After all, the 63-year-old had his own violent crime group in the Big Apple — the Purple Gang.
Why should he?
According to the New York Daily News, Meldish and co. were freelance killers for the Lucchese, Genovese and Bonanno crime families.
His Purple Gang controlled the drug rackets in Harlem and the Bronx and ruled them with murder.
Cops suspected Meldish’s baby brother Joe, 56, iced at least 70 men in contract killings. He’s doing a 25 spot for a 1999 homicide.
Despite those tight ties to the mob, Meldish refused to pay his $100,000 debt to then acting Lucchese boss Matthew Madonna, 84.
He reportedly told the elderly crime boss: “F— off!”
“Not repaying a boss is a dangerous game,” Assistant U.S. Attorney Celia Cohen said. “Michael Meldish is dead because of these four men.”
The boss wanted Meldish taken off the board.
On Nov. 15, 2013, cops found Meldish dead in his car in Throg’s Neck. A bullet had been parked in his skull.
One witness told the court: “‘When I saw him up close he didn’t look drunk, he looked dead.”
Legendary NYPD mob detective Joe Coffey wasn’t going to be paying his respects to Meldish.

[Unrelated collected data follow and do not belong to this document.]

(* Let $(\Gamma,M)$ be an E-GCM graph on $n\ge3$ nodes whose underlying graph $\Gamma$ is a loop (the nodes can be numbered $\gamma_1,\dots,\gamma_n$ so that each $\gamma_i$ is adjacent exactly to $\gamma_{i-1}$ and $\gamma_{i+1}$, indices mod $n$), and such that $M_{ij}M_{ji}=1$ for every pair of adjacent nodes. Then $(\Gamma,M)$ is not admissible.
   Context: E-GCM $M=(M_{ij})_{i,j\in I_n}$: real, $M_{ii}=2$, $M_{ij}\le0$ ($i\ne j$), $M_{ij}\ne0\iff M_{ji}\ne0$, nonzero $M_{ij}M_{ji}$ either $\ge4$ or $=4\cos^2(\pi/m)$ with $m\ge3$ integer; E-GCM graph: nodes $\gamma_i$, adjacent iff $M_{ij}\ne0$. Positions $\lambda\in\mathbb{R}^n$; firing $\gamma_i$ (allowed iff $\lambda_i>0$) replaces $\lambda_j$ by $\lambda_j-M_{ij}\lambda_i$. Numbers game: fire nodes with positive population while any exist; a game sequence is convergent if finite. A connected E-GCM graph is admissible if some nonzero position with all $\lambda_i\ge0$ has a convergent game sequence. *)

theory Defs
  imports Complex_Main
begin

text \<open>Nodes are indexed by 0..<n; the matrix is M :: nat => nat => real, and a
position is lam :: nat => real (only values at indices < n matter).\<close>

definition is_egcm :: "nat \<Rightarrow> (nat \<Rightarrow> nat \<Rightarrow> real) \<Rightarrow> bool" where
  "is_egcm n M \<longleftrightarrow>
     (\<forall>i<n. M i i = 2) \<and>
     (\<forall>i<n. \<forall>j<n. i \<noteq> j \<longrightarrow> M i j \<le> 0) \<and>
     (\<forall>i<n. \<forall>j<n. M i j \<noteq> 0 \<longleftrightarrow> M j i \<noteq> 0) \<and>
     (\<forall>i<n. \<forall>j<n. i \<noteq> j \<longrightarrow> M i j * M j i \<noteq> 0 \<longrightarrow>
        (M i j * M j i \<ge> 4 \<or>
         (\<exists>m::nat. m \<ge> 3 \<and> M i j * M j i = 4 * (cos (pi / real m))\<^sup>2)))"

definition egcm_adj :: "nat \<Rightarrow> (nat \<Rightarrow> nat \<Rightarrow> real) \<Rightarrow> nat \<Rightarrow> nat \<Rightarrow> bool" where
  "egcm_adj n M i j \<longleftrightarrow> i < n \<and> j < n \<and> i \<noteq> j \<and> M i j \<noteq> 0"

definition fire :: "nat \<Rightarrow> (nat \<Rightarrow> nat \<Rightarrow> real) \<Rightarrow> nat \<Rightarrow> (nat \<Rightarrow> real) \<Rightarrow> (nat \<Rightarrow> real)" where
  "fire n M i lam = (\<lambda>j. if j < n then lam j - M i j * lam i else lam j)"

fun play :: "nat \<Rightarrow> (nat \<Rightarrow> nat \<Rightarrow> real) \<Rightarrow> (nat \<Rightarrow> real) \<Rightarrow> nat list \<Rightarrow> (nat \<Rightarrow> real)" where
  "play n M lam [] = lam"
| "play n M lam (i # is) = play n M (fire n M i lam) is"

fun legal_seq :: "nat \<Rightarrow> (nat \<Rightarrow> nat \<Rightarrow> real) \<Rightarrow> (nat \<Rightarrow> real) \<Rightarrow> nat list \<Rightarrow> bool" where
  "legal_seq n M lam [] = True"
| "legal_seq n M lam (i # is) = (i < n \<and> lam i > 0 \<and> legal_seq n M (fire n M i lam) is)"

definition convergent_game_seq :: "nat \<Rightarrow> (nat \<Rightarrow> nat \<Rightarrow> real) \<Rightarrow> (nat \<Rightarrow> real) \<Rightarrow> nat list \<Rightarrow> bool" where
  "convergent_game_seq n M lam s \<longleftrightarrow>
     legal_seq n M lam s \<and> (\<forall>j<n. play n M lam s j \<le> 0)"

definition admissible :: "nat \<Rightarrow> (nat \<Rightarrow> nat \<Rightarrow> real) \<Rightarrow> bool" where
  "admissible n M \<longleftrightarrow>
     (\<exists>lam. (\<forall>i<n. lam i \<ge> 0) \<and> (\<exists>i<n. lam i \<noteq> 0) \<and>
            (\<exists>s. convergent_game_seq n M lam s))"

end

theory Submission
  imports Defs
begin

text \<open>If some vector \<open>v\<close> with positive entries satisfies \<open>M v \<le> 0\<close> row by row, then firing a
node \<open>i\<close> changes the weighted population \<open>\<Sum>j. v j * \<lambda> j\<close> by \<open>-\<lambda> i * (M v) i \<ge> 0\<close>. So along a
legal game this quantity never decreases; it starts positive for a nonzero nonnegative position
and would end nonpositive for a terminal one, so no game converges. On a loop whose edges have
\<open>M\<^sub>i\<^sub>j M\<^sub>j\<^sub>i = 1\<close>, such a \<open>v\<close> exists: with \<open>c\<^sub>p = -M\<^sub>p\<^sub>,\<^sub>p\<^sub>+\<^sub>1\<close> and \<open>r\<close> the \<open>n\<close>-th root of
\<open>c\<^sub>0 \<cdots> c\<^sub>n\<^sub>-\<^sub>1\<close>, the weights \<open>v\<^sub>k = r\<^sup>k / (c\<^sub>0 \<cdots> c\<^sub>k\<^sub>-\<^sub>1)\<close> close up around the loop and give
\<open>(M v)\<^sub>p = (2 - r - 1/r) v\<^sub>p = -(r - 1)\<^sup>2 v\<^sub>p / r \<le> 0\<close>.\<close>

lemma weighted_sum_fire:
  assumes "i < n"
  shows "(\<Sum>j<n. v j * fire n M i lam j) = (\<Sum>j<n. v j * lam j) - lam i * (\<Sum>j<n. M i j * v j)"
  by (simp add: fire_def algebra_simps sum_subtractf sum_distrib_left)

lemma weighted_sum_play_mono:
  assumes row_nonpos: "\<And>i. i < n \<Longrightarrow> (\<Sum>j<n. M i j * v j) \<le> 0"
    and "legal_seq n M lam s"
  shows "(\<Sum>j<n. v j * lam j) \<le> (\<Sum>j<n. v j * play n M lam s j)"
  using assms(2)
proof (induction s arbitrary: lam)
  case Nil
  then show ?case by simp
next
  case (Cons i s)
  then have i: "i < n" "lam i > 0" and legal: "legal_seq n M (fire n M i lam) s" by auto
  have "(\<Sum>j<n. v j * lam j) \<le> (\<Sum>j<n. v j * fire n M i lam j)"
    using weighted_sum_fire[OF i(1)] row_nonpos[OF i(1)] i(2) by (simp add: mult_nonneg_nonpos)
  also have "\<dots> \<le> (\<Sum>j<n. v j * play n M (fire n M i lam) s j)"
    using Cons.IH[OF legal] .
  finally show ?case by simp
qed

lemma not_admissible_if_pos_vector:
  assumes pos: "\<And>i. i < n \<Longrightarrow> v i > 0"
    and row_nonpos: "\<And>i. i < n \<Longrightarrow> (\<Sum>j<n. M i j * v j) \<le> 0"
  shows "\<not> admissible n M"
proof
  assume "admissible n M"
  then obtain lam s i0 where nonneg: "\<forall>i<n. lam i \<ge> 0" and i0: "i0 < n" "lam i0 \<noteq> 0"
    and conv: "convergent_game_seq n M lam s"
    unfolding admissible_def by blast
  have "0 < v i0 * lam i0"
    using pos nonneg i0 by (simp add: less_le)
  also have "\<dots> \<le> (\<Sum>j<n. v j * lam j)"
    using i0 pos nonneg by (intro member_le_sum) (auto simp: less_imp_le)
  also have "\<dots> \<le> (\<Sum>j<n. v j * play n M lam s j)"
    using weighted_sum_play_mono[of n M v lam s] row_nonpos conv
    unfolding convergent_game_seq_def by blast
  also have "\<dots> \<le> 0"
    using conv pos unfolding convergent_game_seq_def
    by (intro sum_nonpos) (simp add: mult_nonneg_nonpos less_imp_le)
  finally show False by simp
qed

lemma not_admissible_if_pos_vector_relabelled:
  assumes bij: "bij_betw \<sigma> {..<n} {..<n}"
    and pos: "\<And>k. k < n \<Longrightarrow> w k > 0"
    and row_nonpos: "\<And>p. p < n \<Longrightarrow> (\<Sum>k<n. M (\<sigma> p) (\<sigma> k) * w k) \<le> 0"
  shows "\<not> admissible n M"
proof (rule not_admissible_if_pos_vector)
  let ?\<tau> = "inv_into {..<n} \<sigma>"
  have \<tau>: "?\<tau> i < n" "\<sigma> (?\<tau> i) = i" if "i < n" for i
    using bij_betwE[OF bij_betw_inv_into[OF bij]] bij_betw_inv_into_right[OF bij] that by auto
  have "?\<tau> (\<sigma> k) = k" if "k < n" for k
    using bij that by (simp add: bij_betw_inv_into_left)
  then have "(\<Sum>j<n. M i j * w (?\<tau> j)) = (\<Sum>k<n. M i (\<sigma> k) * w k)" for i
    using sum.reindex_bij_betw[OF bij, of "\<lambda>j. M i j * w (?\<tau> j)"] by simp
  then show "(\<Sum>j<n. M i j * w (?\<tau> j)) \<le> 0" if "i < n" for i
    using row_nonpos[of "?\<tau> i"] \<tau>[OF that] by simp
  show "w (?\<tau> i) > 0" if "i < n" for i
    using pos \<tau>[OF that] by simp
qed

lemma loop_weights:
  fixes c :: "nat \<Rightarrow> real"
  assumes "n > 0" and c_pos: "\<And>p. p < n \<Longrightarrow> c p > 0"
  obtains r w where "r > 0" "\<And>k. k < n \<Longrightarrow> w k > 0"
    "\<And>p. p < n \<Longrightarrow> c p * w (Suc p mod n) = r * w p"
proof
  define r where "r = root n (prod c {..<n})"
  define w where "w k = r ^ k / prod c {..<k}" for k
  have prod_pos: "prod c {..<k} > 0" if "k \<le> n" for k
    using c_pos that by (intro prod_pos) auto
  show r_pos: "r > 0"
    using prod_pos[of n] \<open>n > 0\<close> unfolding r_def by simp
  show "w k > 0" if "k < n" for k
    using r_pos prod_pos[of k] that unfolding w_def by simp
  show "c p * w (Suc p mod n) = r * w p" if p: "p < n" for p
  proof (cases "Suc p < n")
    case True
    then show ?thesis
      using prod_pos[of p] c_pos[OF p] p unfolding w_def by (simp add: field_simps)
  next
    case False
    then have n: "n = Suc p" using p by simp
    have "r * r ^ p = prod c {..<p} * c p"
      using prod_pos[of n] \<open>n > 0\<close> unfolding r_def n by (simp flip: power_Suc)
    then have "r * w p = c p"
      using prod_pos[of p] n unfolding w_def by (simp add: divide_eq_eq del: prod_zero_iff)
    then show ?thesis
      using n unfolding w_def by simp
  qed
qed

lemma Suc_mod_eq_iff:
  fixes k p n :: nat
  assumes "k < n" and "p < n"
  shows "Suc k mod n = p \<longleftrightarrow> k = (p + n - 1) mod n"
proof (cases p)
  case 0
  then show ?thesis
    using assms by (auto simp: mod_Suc)
next
  case (Suc p')
  then have "(p + n - 1) mod n = p'"
    using assms by simp
  then show ?thesis
    using assms Suc by (auto simp: mod_Suc)
qed

lemma sum_loop_neighbours:
  fixes f :: "nat \<Rightarrow> 'a::comm_monoid_add"
  assumes "n \<ge> 3" and "p < n"
    and support: "\<And>k. k < n \<Longrightarrow> f k \<noteq> 0 \<Longrightarrow> k = p \<or> k = Suc p mod n \<or> p = Suc k mod n"
  shows "(\<Sum>k<n. f k) = f p + f (Suc p mod n) + f ((p + n - 1) mod n)"
proof -
  let ?q = "Suc p mod n" and ?pd = "(p + n - 1) mod n"
  have pd: "p = Suc k mod n \<longleftrightarrow> k = ?pd" if "k < n" for k
    using Suc_mod_eq_iff[OF that \<open>p < n\<close>] by auto
  have distinct: "?q \<noteq> p" "?pd \<noteq> p" "?pd \<noteq> ?q"
    using assms(1,2) pd[of p] pd[of ?q] by (auto simp: mod_Suc split: if_splits)
  have "(\<Sum>k<n. f k) = (\<Sum>k\<in>{p, ?q, ?pd}. f k)"
    using support pd \<open>p < n\<close> by (intro sum.mono_neutral_right) auto
  also have "\<dots> = f p + f ?q + f ?pd"
    using distinct by (simp add: add.assoc)
  finally show ?thesis .
qed

lemma loop_pos_vector:
  fixes A :: "nat \<Rightarrow> nat \<Rightarrow> real"
  assumes "n \<ge> 3"
    and diag: "\<And>p. p < n \<Longrightarrow> A p p = 2"
    and edge_neg: "\<And>p. p < n \<Longrightarrow> A p (Suc p mod n) < 0"
    and edge_prod: "\<And>p. p < n \<Longrightarrow> A p (Suc p mod n) * A (Suc p mod n) p = 1"
    and support: "\<And>p k. p < n \<Longrightarrow> k < n \<Longrightarrow> A p k \<noteq> 0 \<Longrightarrow>
                     k = p \<or> k = Suc p mod n \<or> p = Suc k mod n"
  obtains w where "\<And>k. k < n \<Longrightarrow> w k > 0" "\<And>p. p < n \<Longrightarrow> (\<Sum>k<n. A p k * w k) \<le> 0"
proof -
  define c where "c p = - A p (Suc p mod n)" for p
  have c_pos: "c p > 0" and reverse_edge: "A (Suc p mod n) p = - 1 / c p" if "p < n" for p
    using edge_neg[OF that] edge_prod[OF that] unfolding c_def by (auto simp: field_simps)
  obtain r w where r: "r > 0" and w: "\<And>k. k < n \<Longrightarrow> w k > 0"
    and shift: "\<And>p. p < n \<Longrightarrow> c p * w (Suc p mod n) = r * w p"
    using loop_weights[of n c] c_pos \<open>n \<ge> 3\<close> by auto
  have "(\<Sum>k<n. A p k * w k) \<le> 0" if p: "p < n" for p
  proof -
    let ?pd = "(p + n - 1) mod n"
    have pd: "?pd < n" "Suc ?pd mod n = p"
      using p Suc_mod_eq_iff[of ?pd n p] by auto
    have "w ?pd / c ?pd = w p / r"
      using shift[OF pd(1)] c_pos[OF pd(1)] pd(2) r by (simp add: field_simps)
    then have "(\<Sum>k<n. A p k * w k) = 2 * w p - r * w p - w p / r"
      using sum_loop_neighbours[OF \<open>n \<ge> 3\<close> p, of "\<lambda>k. A p k * w k"] support[OF p]
        diag[OF p] shift[OF p] reverse_edge[OF pd(1)] pd(2)
      by (auto simp: c_def)
    also have "\<dots> = - w p * (r - 1)\<^sup>2 / r"
      using r by (simp add: field_simps power2_eq_square)
    also have "\<dots> \<le> 0"
      using r w[OF p] by (simp add: divide_nonpos_pos)
    finally show ?thesis .
  qed
  then show ?thesis
    using that w by blast
qed

theorem lemma4p14:
  fixes n :: nat and M :: "nat \<Rightarrow> nat \<Rightarrow> real"
  assumes "is_egcm n M"
    and "n \<ge> 3"
    and "\<exists>\<sigma>. bij_betw \<sigma> {..<n} {..<n} \<and>
           (\<forall>i<n. \<forall>j<n. egcm_adj n M (\<sigma> i) (\<sigma> j) \<longleftrightarrow>
                        (j = Suc i mod n \<or> i = Suc j mod n))"
    and "\<forall>i j. egcm_adj n M i j \<longrightarrow> M i j * M j i = 1"
  shows "\<not> admissible n M"
proof -
  obtain \<sigma> where bij: "bij_betw \<sigma> {..<n} {..<n}" and adj: "\<And>p k. p < n \<Longrightarrow> k < n \<Longrightarrow>
      egcm_adj n M (\<sigma> p) (\<sigma> k) \<longleftrightarrow> (k = Suc p mod n \<or> p = Suc k mod n)"
    using assms(3) by blast
  have diag: "\<And>i. i < n \<Longrightarrow> M i i = 2"
    and off_diag: "\<And>i j. i < n \<Longrightarrow> j < n \<Longrightarrow> i \<noteq> j \<Longrightarrow> M i j \<le> 0"
    using assms(1) unfolding is_egcm_def by auto
  have \<sigma>: "\<sigma> p < n" "\<sigma> p = \<sigma> k \<longleftrightarrow> p = k" if "p < n" "k < n" for p k
    using bij that by (auto simp: bij_betw_def inj_on_eq_iff)
  obtain w where "\<And>k. k < n \<Longrightarrow> w k > 0"
    "\<And>p. p < n \<Longrightarrow> (\<Sum>k<n. M (\<sigma> p) (\<sigma> k) * w k) \<le> 0"
  proof (rule loop_pos_vector[OF \<open>n \<ge> 3\<close>, of "\<lambda>p k. M (\<sigma> p) (\<sigma> k)"])
    fix p assume p: "p < n"
    then have edge: "egcm_adj n M (\<sigma> p) (\<sigma> (Suc p mod n))"
      using adj by simp
    show "M (\<sigma> p) (\<sigma> p) = 2"
      using diag \<sigma> p by simp
    show "M (\<sigma> p) (\<sigma> (Suc p mod n)) < 0"
      using off_diag[of "\<sigma> p" "\<sigma> (Suc p mod n)"] edge unfolding egcm_adj_def by fastforce
    show "M (\<sigma> p) (\<sigma> (Suc p mod n)) * M (\<sigma> (Suc p mod n)) (\<sigma> p) = 1"
      using edge assms(4) by blast
  next
    fix p k assume "p < n" "k < n" "M (\<sigma> p) (\<sigma> k) \<noteq> 0"
    then show "k = p \<or> k = Suc p mod n \<or> p = Suc k mod n"
      using adj \<sigma> by (auto simp: egcm_adj_def)
  qed blast
  then show ?thesis
    using not_admissible_if_pos_vector_relabelled[OF bij] by blast
qed

end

“Michael was a stone-cold killer,” Coffey told the News in 2013. “It should have happened a long time ago. I call it vermin killing vermin — poetic justice.”
On Friday, Madonna, Steven “Wonder Boy” Crea, Christopher Londonio and Terrence Caldwell were convicted in federal court of carrying out the Meldish hit.
The News reported that “Wonder Boy,” his underboss, helped Madonna come to the execution order.
And the call went down the pipeline.
Court heard that Meldish’s buddy, Londonio, set the gangster up for death and mob associate Caldwell was the triggerman. London drove the getaway car.
“The violent and disturbing acts of these four organized crime figures included the brutal murder of associate Michael Meldish. Fittingly, all four defendants have been found guilty of their heinous acts of fraud, extortion, and murder on the six-year anniversary of Meldish’s death,” Manhattan U.S. Attorney Geoffrey Berman said.
The four gangsters face spending the rest of their lives in prison for killing in aid of racketeering.
Londonio — at 350 lbs — bizarrely tried to escape from jail and went on a crash diet to slip through the bars.
It’s going to be a tougher squeeze now for the corpulent criminal.